Rencana itu menandakan pendekatan jangka panjang, bukan sekadar uji coba masuk pasar. Langkah ini juga masuk akal karena kei car di Jepang punya tuntutan khusus, mulai dari dimensi kompak, efisiensi, kemudahan penggunaan, sampai standar keselamatan yang ketat.
Diisi nama-nama berpengalaman otomotif
Di sisi kepemimpinan, Emta menempatkan sosok-sosok dengan pengalaman panjang di industri otomotif. Posisi Chief Marketing Officer diisi Susumu Uchikoshi, yang pernah menjabat sebagai mantan GM Nissan China.
Posisi CEO ditempati He Xiaoqing, yang dikenal sebagai mantan Presiden Changan Ford. Kombinasi ini memberi gambaran bahwa Emta ingin memadukan pengalaman global dengan pemahaman terhadap kebutuhan pasar Jepang.
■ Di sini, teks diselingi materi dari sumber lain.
lemma tuned_step_div_kappa:
  "tuned_step c rho / tuned_kappa c rho
     = (1 + c - c*rho) * (1 - rho) * (1 - c*rho - c\<^sup>2*(1 + rho)) / ((1 + c) * (1 - c*rho - c\<^sup>2*(1 - rho)))"
proof -
  define A K1 K2 where "A = 1 + c - c*rho"
    and "K1 = 1 - c*rho - c\<^sup>2*(1 - rho)" and "K2 = 1 - c*rho - c\<^sup>2*(1 + rho)"
  have "K1 \<noteq> 0" "K2 \<noteq> 0" using tuned_factors_nonzero by (simp_all add: K1_def K2_def)
  moreover have "1 + c \<noteq> 0" "1 + rho \<noteq> 0" "1 - rho \<noteq> 0" using c rho by simp_all
  ultimately show ?thesis
    unfolding tuned_step_def tuned_kappa_def A_def[symmetric] K1_def[symmetric] K2_def[symmetric]
    by (simp add: divide_simps)
qed

lemma tuned_step_bounds:
  shows "1 \<le> tuned_step c rho" "tuned_step c rho < 2 / (1 + c*rho)"
    and "0 < tuned_step c rho / tuned_kappa c rho" "tuned_step c rho / tuned_kappa c rho \<le> 1"
proof -
  have "tuned_step c rho - 1 = rho * (1 - c*rho) / (1 + c)"
    using c unfolding tuned_step_def by (simp add: divide_simps) (simp add: algebra_simps)
  moreover have "0 \<le> rho * (1 - c*rho) / (1 + c)" using tuned_factors_pos rho by simp
  ultimately show "1 \<le> tuned_step c rho" by linarith
  have "2 - (1 + c*rho) * tuned_step c rho = (1 - rho) * (1 - c*rho) * (1 + c + c*rho) / (1 + c)"
    using c unfolding tuned_step_def by (simp add: divide_simps) (simp add: algebra_simps)
  moreover have "0 < (1 - rho) * (1 - c*rho) * (1 + c + c*rho) / (1 + c)"
    using tuned_factors_pos by simp
  ultimately have "(1 + c*rho) * tuned_step c rho < 2" by linarith
  then show "tuned_step c rho < 2 / (1 + c*rho)"
    using tuned_factors_pos by (simp add: less_divide_eq mult.commute)
  show "0 < tuned_step c rho / tuned_kappa c rho"
    unfolding tuned_step_div_kappa using tuned_factors_pos by simp
  have "(1 + c) * (1 - c*rho - c\<^sup>2*(1 - rho)) - (1 + c - c*rho) * (1 - rho) * (1 - c*rho - c\<^sup>2*(1 + rho))
      = (1 + c) * rho * (1 + c - c*rho) * (1 - c*rho)"
    by algebra
  moreover have "0 \<le> (1 + c) * rho * (1 + c - c*rho) * (1 - c*rho)"
    using tuned_factors_pos rho by simp
  ultimately have "(1 + c - c*rho) * (1 - rho) * (1 - c*rho - c\<^sup>2*(1 + rho)) \<le> (1 + c) * (1 - c*rho - c\<^sup>2*(1 - rho))"
    by linarith
  then show "tuned_step c rho / tuned_kappa c rho \<le> 1"
    unfolding tuned_step_div_kappa using tuned_factors_pos by (simp add: pos_divide_le_eq)
qed

lemma tuned_momentum:
  "c * rho\<^sup>2 / ((tuned_step c rho - 1) * (1 + c)) = c*rho / (1 - c*rho)"
proof -
  have "(tuned_step c rho - 1) * (1 + c) = rho * (1 - c*rho)"
    using c unfolding tuned_step_def by (simp add: field_simps)
  then show ?thesis using rho by (simp add: power2_eq_square)
qed
lemma ulim_add:
  assumes "nonprincipal_ultrafilter U" "linf_seq x0 f" "linf_seq x0 g"
  shows "ulim U (\<lambda>n t. f n t + g n t) = (\<lambda>t. ulim U f t + ulim U g t)"
  using assms nonprincipal_ultrafilter_not_bot
  by (intro ext ulim_eqI tendsto_add tendsto_ulim_linf_seq) auto

lemma ulim_mult:
  assumes "nonprincipal_ultrafilter U" "linf_seq x0 f" "linf_seq x0 g"
  shows "ulim U (\<lambda>n t. f n t * g n t) = (\<lambda>t. ulim U f t * ulim U g t)"
  using assms nonprincipal_ultrafilter_not_bot
  by (intro ext ulim_eqI tendsto_mult tendsto_ulim_linf_seq) auto

lemma ulim_cmult:
  assumes "nonprincipal_ultrafilter U" "linf_seq x0 f"
  shows "ulim U (\<lambda>n t. c * f n t) = (\<lambda>t. c * ulim U f t)"
  using assms nonprincipal_ultrafilter_not_bot
  by (intro ext ulim_eqI tendsto_mult tendsto_const tendsto_ulim_linf_seq) auto

lemma ulim_cnj:
  assumes "nonprincipal_ultrafilter U" "linf_seq x0 f"
  shows "ulim U (\<lambda>n t. cnj (f n t)) = (\<lambda>t. cnj (ulim U f t))"
  using assms nonprincipal_ultrafilter_not_bot
  by (intro ext ulim_eqI tendsto_cnj tendsto_ulim_linf_seq) auto

lemma U_equiv_imp_tendsto_diff:
  assumes "linf_seq x0 f" "linf_seq x0 g" "U_equiv U f g"
  shows "((\<lambda>n. f n t - g n t) \<longlongrightarrow> 0) U"
proof (rule Lim_null_comparison)
  obtain M where "\<And>n t. cmod (f n t - g n t) \<le> M"
    using linf_seq_diff_bounded[OF assms(1,2)] by blast
  then show "eventually (\<lambda>n. norm (f n t - g n t) \<le> supnorm (\<lambda>t. f n t - g n t)) U"
    by (intro always_eventually allI norm_le_supnorm)
  show "((\<lambda>n. supnorm (\<lambda>t. f n t - g n t)) \<longlongrightarrow> 0) U"
    using assms(3) unfolding U_equiv_def .
qed

lemma ulim_U_equiv:
  assumes U: "nonprincipal_ultrafilter U" and "linf_seq x0 f" "linf_seq x0 g" "U_equiv U f g"
  shows "ulim U f = ulim U g"
proof
  fix t
  have "((\<lambda>n. (f n t - g n t) + g n t) \<longlongrightarrow> 0 + ulim U g t) U"
    using assms by (intro tendsto_add U_equiv_imp_tendsto_diff tendsto_ulim_linf_seq)
  then show "ulim U f t = ulim U g t"
    using ulim_eqI nonprincipal_ultrafilter_not_bot[OF U] by simp
qed

lemma continuous_on_ulim:
  assumes U: "nonprincipal_ultrafilter U" and "linf_seq x0 f" and equicont: "U_equicont U x0 f"
  shows "continuous_on UNIV (ulim U f)"
  unfolding continuous_on_iff
proof (intro ballI allI impI)
  fix t :: 'a and \<epsilon> :: real
  assume "\<epsilon> > 0"
  have "dist x0 t + 1 > 0" "\<epsilon>/2 > 0"
    using \<open>\<epsilon> > 0\<close> by (simp_all add: add_nonneg_pos)
  then obtain \<delta> where "\<delta> > 0" and close: "eventually (\<lambda>n. \<forall>s\<in>cball x0 (dist x0 t + 1).
      \<forall>s'\<in>cball x0 (dist x0 t + 1). dist s s' < \<delta> \<longrightarrow> cmod (f n s - f n s') \<le> \<epsilon>/2) U"
    using equicont unfolding U_equicont_def by blast
  have "dist (ulim U f s) (ulim U f t) < \<epsilon>" if "dist s t < min \<delta> 1" for s
  proof -
    have "s \<in> cball x0 (dist x0 t + 1)" "t \<in> cball x0 (dist x0 t + 1)"
      using that dist_triangle[of x0 s t] by (auto simp: dist_commute)
    with close that have "eventually (\<lambda>n. cmod (f n s - f n t) \<le> \<epsilon>/2) U"
      by (auto elim: eventually_mono)
    moreover have "((\<lambda>n. cmod (f n s - f n t)) \<longlongrightarrow> cmod (ulim U f s - ulim U f t)) U"
      using assms by (intro tendsto_norm tendsto_diff tendsto_ulim_linf_seq)
    ultimately have "cmod (ulim U f s - ulim U f t) \<le> \<epsilon>/2"
      using tendsto_upperbound nonprincipal_ultrafilter_not_bot[OF U] by blast
    with \<open>\<epsilon> > 0\<close> show ?thesis by (simp add: dist_norm)
  qed
  with \<open>\<delta> > 0\<close> show "\<exists>d>0. \<forall>s\<in>UNIV. dist s t < d \<longrightarrow> dist (ulim U f s) (ulim U f t) < \<epsilon>"
    by (intro exI[of _ "min \<delta> 1"]) auto
qed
Sampai sekarang, detail teknis lengkap mobil perdana Emta belum dibuka. Spesifikasi penuh, pilihan varian, dan harga resmi juga masih belum diumumkan.
Namun arah pengembangannya sudah jelas memperlihatkan ambisi besar. Chery tidak hanya ingin hadir di Jepang lewat teknologi, tetapi juga ingin turun langsung ke arena kei car listrik dan menantang pemain yang sudah lebih dulu bergerak.